[Dataset records]
#####

lemma weighted_power_sum_partial:
  assumes I: "finite I" and c: "\<forall>i\<in>I. c i > 0" and d: "\<forall>i\<in>I. d i > 0"
    and p: "\<forall>i\<in>I. p i \<ge> 1" and y: "\<forall>i\<in>I. y i \<ge> 0"
  shows "\<exists>S'. ((\<lambda>t. weighted_power_sum I c d p (y(k := t))) has_real_derivative S')
                 (at (y k) within {0..}) \<and>
              0 \<le> S' \<and> S' \<le> (if k \<in> I then p k * (c k + weighted_power_sum I c d p y) / d k else 0)"
proof -
  define term' where
    "term' i = (if i = k then c k * powr_deriv (p k) (y k / d k) / d k else 0)" for i
  have "((\<lambda>t. weighted_power_sum I c d p (y(k := t))) has_real_derivative (\<Sum>i\<in>I. term' i))
          (at (y k) within {0..})"
    unfolding weighted_power_sum_def
  proof (rule DERIV_sum)
    fix i assume "i \<in> I"
    show "((\<lambda>t. c i * ((y(k := t)) i / d i) powr p i) has_real_derivative term' i)
            (at (y k) within {0..})"
    proof (cases "i = k")
      case True
      have "d k > 0" using \<open>i \<in> I\<close> True d by auto
      then have "((\<lambda>t. t / d k) has_real_derivative 1 / d k) (at (y k) within {0..})"
        by (auto intro!: derivative_eq_intros)
      then have "((\<lambda>t. (t / d k) powr p k) has_real_derivative
                   powr_deriv (p k) (y k / d k) * (1 / d k)) (at (y k) within {0..})"
        using \<open>i \<in> I\<close> True p d y by (intro DERIV_powr_nonneg_chain) auto
      from DERIV_cmult[OF this, of "c k"] show ?thesis using True by (simp add: term'_def)
    qed (simp add: term'_def)
  qed
  moreover have "(\<Sum>i\<in>I. term' i) = (if k \<in> I then term' k else 0)"
    using I by (simp add: term'_def)
  moreover have "0 \<le> term' k \<and> term' k \<le> p k * (c k + weighted_power_sum I c d p y) / d k"
    if "k \<in> I"
  proof -
    have ck: "c k > 0" and dk: "d k > 0" and pk: "p k \<ge> 1" and yk: "y k / d k \<ge> 0"
      using that c d p y by auto
    have "c k * powr_deriv (p k) (y k / d k) \<le> p k * (c k + c k * (y k / d k) powr p k)"
      using mult_left_mono[OF powr_deriv_le[OF pk yk], of "c k"] ck by (simp add: algebra_simps)
    also have "\<dots> \<le> p k * (c k + weighted_power_sum I c d p y)"
      unfolding weighted_power_sum_def
      using member_le_sum[OF that, of "\<lambda>i. c i * (y i / d i) powr p i"] I c pk
      by (intro mult_left_mono) (auto simp: less_imp_le)
    finally have "c k * powr_deriv (p k) (y k / d k) \<le> p k * (c k + weighted_power_sum I c d p y)" .
    then show ?thesis
      using ck dk powr_deriv_nonneg[OF pk yk] by (simp add: term'_def divide_right_mono)
  qed
  ultimately show ?thesis by (intro exI[of _ "\<Sum>i\<in>I. term' i"]) auto
qed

#####

YOUR OBJECTIVE: Only the lines from the one with "I then term'" through the end of the data belong in the answer, each reproduced exactly.

EXERCISE OUTPUT:
  moreover have "(\<Sum>i\<in>I. term' i) = (if k \<in> I then term' k else 0)"
    using I by (simp add: term'_def)
  moreover have "0 \<le> term' k \<and> term' k \<le> p k * (c k + weighted_power_sum I c d p y) / d k"
    if "k \<in> I"
  proof -
    have ck: "c k > 0" and dk: "d k > 0" and pk: "p k \<ge> 1" and yk: "y k / d k \<ge> 0"
      using that c d p y by auto
    have "c k * powr_deriv (p k) (y k / d k) \<le> p k * (c k + c k * (y k / d k) powr p k)"
      using mult_left_mono[OF powr_deriv_le[OF pk yk], of "c k"] ck by (simp add: algebra_simps)
    also have "\<dots> \<le> p k * (c k + weighted_power_sum I c d p y)"
      unfolding weighted_power_sum_def
      using member_le_sum[OF that, of "\<lambda>i. c i * (y i / d i) powr p i"] I c pk
      by (intro mult_left_mono) (auto simp: less_imp_le)
    finally have "c k * powr_deriv (p k) (y k / d k) \<le> p k * (c k + weighted_power_sum I c d p y)" .
    then show ?thesis
      using ck dk powr_deriv_nonneg[OF pk yk] by (simp add: term'_def divide_right_mono)
  qed
  ultimately show ?thesis by (intro exI[of _ "\<Sum>i\<in>I. term' i"]) auto
qed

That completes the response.